━━ Source data ━━

text \<open>Comparison with the supporting line of the convex function \<open>G\<close> at \<open>u\<close>, whose slope is
  \<open>\<sigma> a\<close>: a fractional selection of the intervals \<open>[t (j - 1), t j]\<close> of total mass \<open>u\<close> can
  only be as cheap as \<open>G u\<close> if it takes every interval reaching below the atom \<open>a\<close> in full
  and nothing of any interval reaching above it.\<close>

lemma supporting_line_forces_weights:
  fixes t g :: "nat \<Rightarrow> real"
  assumes u: "cum (a - 1) \<le> u" "u \<le> cum a"
    and t: "strict_mono_on {..n} t" "t 0 = 0" "t n = cum m"
    and g: "\<And>j. j \<in> {1..n} \<Longrightarrow> 0 \<le> g j \<and> g j \<le> 1"
    and mass: "(\<Sum>j\<in>{1..n}. g j * (t j - t (j - 1))) = u"
    and err: "(\<Sum>j\<in>{1..n}. g j * (G (t j) - G (t (j - 1)))) \<le> G u"
    and j: "j \<in> {1..n}"
  shows "t (j - 1) < cum (a - 1) \<Longrightarrow> g j = 1" and "cum a < t j \<Longrightarrow> g j = 0"
proof -
  define dD where "dD k = deficit_below m q \<sigma> a (t k) - deficit_below m q \<sigma> a (t (k - 1))" for k
  define dE where "dE k = excess_above m q \<sigma> a (t k) - excess_above m q \<sigma> a (t (k - 1))" for k
  have t_range: "0 \<le> t k \<and> t k \<le> cum m" if "k \<le> n" for k
    using strict_mono_on_less_eq[OF t(1), of 0 k] strict_mono_on_less_eq[OF t(1), of k n] t(2,3) that
    by auto
  have t_step: "t (k - 1) < t k" if "k \<in> {1..n}" for k
    using strict_mono_onD[OF t(1), of "k - 1" k] that by auto
  have nonneg: "0 \<le> g k * dE k \<and> 0 \<le> (1 - g k) * dD k" if "k \<in> {1..n}" for k
    using t_step[OF that] g[OF that] deficit_below_mono excess_above_mono
    unfolding dD_def dE_def by (simp add: less_imp_le)
  have "(\<Sum>k\<in>{1..n}. g k * dE k + (1 - g k) * dD k) \<le> 0"
    using weighted_err_increments_gap[OF u t_range t(2,3) mass] err unfolding dD_def dE_def by simp
  then have "(\<Sum>k\<in>{1..n}. g k * dE k + (1 - g k) * dD k) = 0"
    using nonneg by (intro antisym sum_nonneg) auto
  then have "g j * dE j + (1 - g j) * dD j = 0"
    using nonneg j by (subst (asm) sum_nonneg_eq_0_iff) (auto intro: add_nonneg_nonneg)
  then have zero: "g j * dE j = 0 \<and> (1 - g j) * dD j = 0"
    using nonneg[OF j] by linarith
  have "j - 1 \<le> n" "j \<le> n" using j by auto
  show "g j = 1" if "t (j - 1) < cum (a - 1)"
  proof -
    have "0 < dD j"
      using deficit_below_strict[OF _ t_step[OF j] that] t_range[OF \<open>j - 1 \<le> n\<close>] unfolding dD_def by simp
    then show ?thesis using zero by simp
  qed
  show "g j = 0" if "cum a < t j"
  proof -
    have "0 < dE j"
      using excess_above_strict[OF _ t_step[OF j] that] t_range[OF \<open>j - 1 \<le> n\<close>] t_range[OF \<open>j \<le> n\<close>]
      unfolding dE_def by simp
    then show ?thesis using zero by simp
  qed
qed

━━━

Having read the entries above, repeat them exactly.

*Solution for this problem:*
text \<open>Comparison with the supporting line of the convex function \<open>G\<close> at \<open>u\<close>, whose slope is
  \<open>\<sigma> a\<close>: a fractional selection of the intervals \<open>[t (j - 1), t j]\<close> of total mass \<open>u\<close> can
  only be as cheap as \<open>G u\<close> if it takes every interval reaching below the atom \<open>a\<close> in full
  and nothing of any interval reaching above it.\<close>

lemma supporting_line_forces_weights:
  fixes t g :: "nat \<Rightarrow> real"
  assumes u: "cum (a - 1) \<le> u" "u \<le> cum a"
    and t: "strict_mono_on {..n} t" "t 0 = 0" "t n = cum m"
    and g: "\<And>j. j \<in> {1..n} \<Longrightarrow> 0 \<le> g j \<and> g j \<le> 1"
    and mass: "(\<Sum>j\<in>{1..n}. g j * (t j - t (j - 1))) = u"
    and err: "(\<Sum>j\<in>{1..n}. g j * (G (t j) - G (t (j - 1)))) \<le> G u"
    and j: "j \<in> {1..n}"
  shows "t (j - 1) < cum (a - 1) \<Longrightarrow> g j = 1" and "cum a < t j \<Longrightarrow> g j = 0"
proof -
  define dD where "dD k = deficit_below m q \<sigma> a (t k) - deficit_below m q \<sigma> a (t (k - 1))" for k
  define dE where "dE k = excess_above m q \<sigma> a (t k) - excess_above m q \<sigma> a (t (k - 1))" for k
  have t_range: "0 \<le> t k \<and> t k \<le> cum m" if "k \<le> n" for k
    using strict_mono_on_less_eq[OF t(1), of 0 k] strict_mono_on_less_eq[OF t(1), of k n] t(2,3) that
    by auto
  have t_step: "t (k - 1) < t k" if "k \<in> {1..n}" for k
    using strict_mono_onD[OF t(1), of "k - 1" k] that by auto
  have nonneg: "0 \<le> g k * dE k \<and> 0 \<le> (1 - g k) * dD k" if "k \<in> {1..n}" for k
    using t_step[OF that] g[OF that] deficit_below_mono excess_above_mono
    unfolding dD_def dE_def by (simp add: less_imp_le)
  have "(\<Sum>k\<in>{1..n}. g k * dE k + (1 - g k) * dD k) \<le> 0"
    using weighted_err_increments_gap[OF u t_range t(2,3) mass] err unfolding dD_def dE_def by simp
  then have "(\<Sum>k\<in>{1..n}. g k * dE k + (1 - g k) * dD k) = 0"
    using nonneg by (intro antisym sum_nonneg) auto
  then have "g j * dE j + (1 - g j) * dD j = 0"
    using nonneg j by (subst (asm) sum_nonneg_eq_0_iff) (auto intro: add_nonneg_nonneg)
  then have zero: "g j * dE j = 0 \<and> (1 - g j) * dD j = 0"
    using nonneg[OF j] by linarith
  have "j - 1 \<le> n" "j \<le> n" using j by auto
  show "g j = 1" if "t (j - 1) < cum (a - 1)"
  proof -
    have "0 < dD j"
      using deficit_below_strict[OF _ t_step[OF j] that] t_range[OF \<open>j - 1 \<le> n\<close>] unfolding dD_def by simp
    then show ?thesis using zero by simp
  qed
  show "g j = 0" if "cum a < t j"
  proof -
    have "0 < dE j"
      using excess_above_strict[OF _ t_step[OF j] that] t_range[OF \<open>j - 1 \<le> n\<close>] t_range[OF \<open>j \<le> n\<close>]
      unfolding dE_def by simp
    then show ?thesis using zero by simp
  qed
qed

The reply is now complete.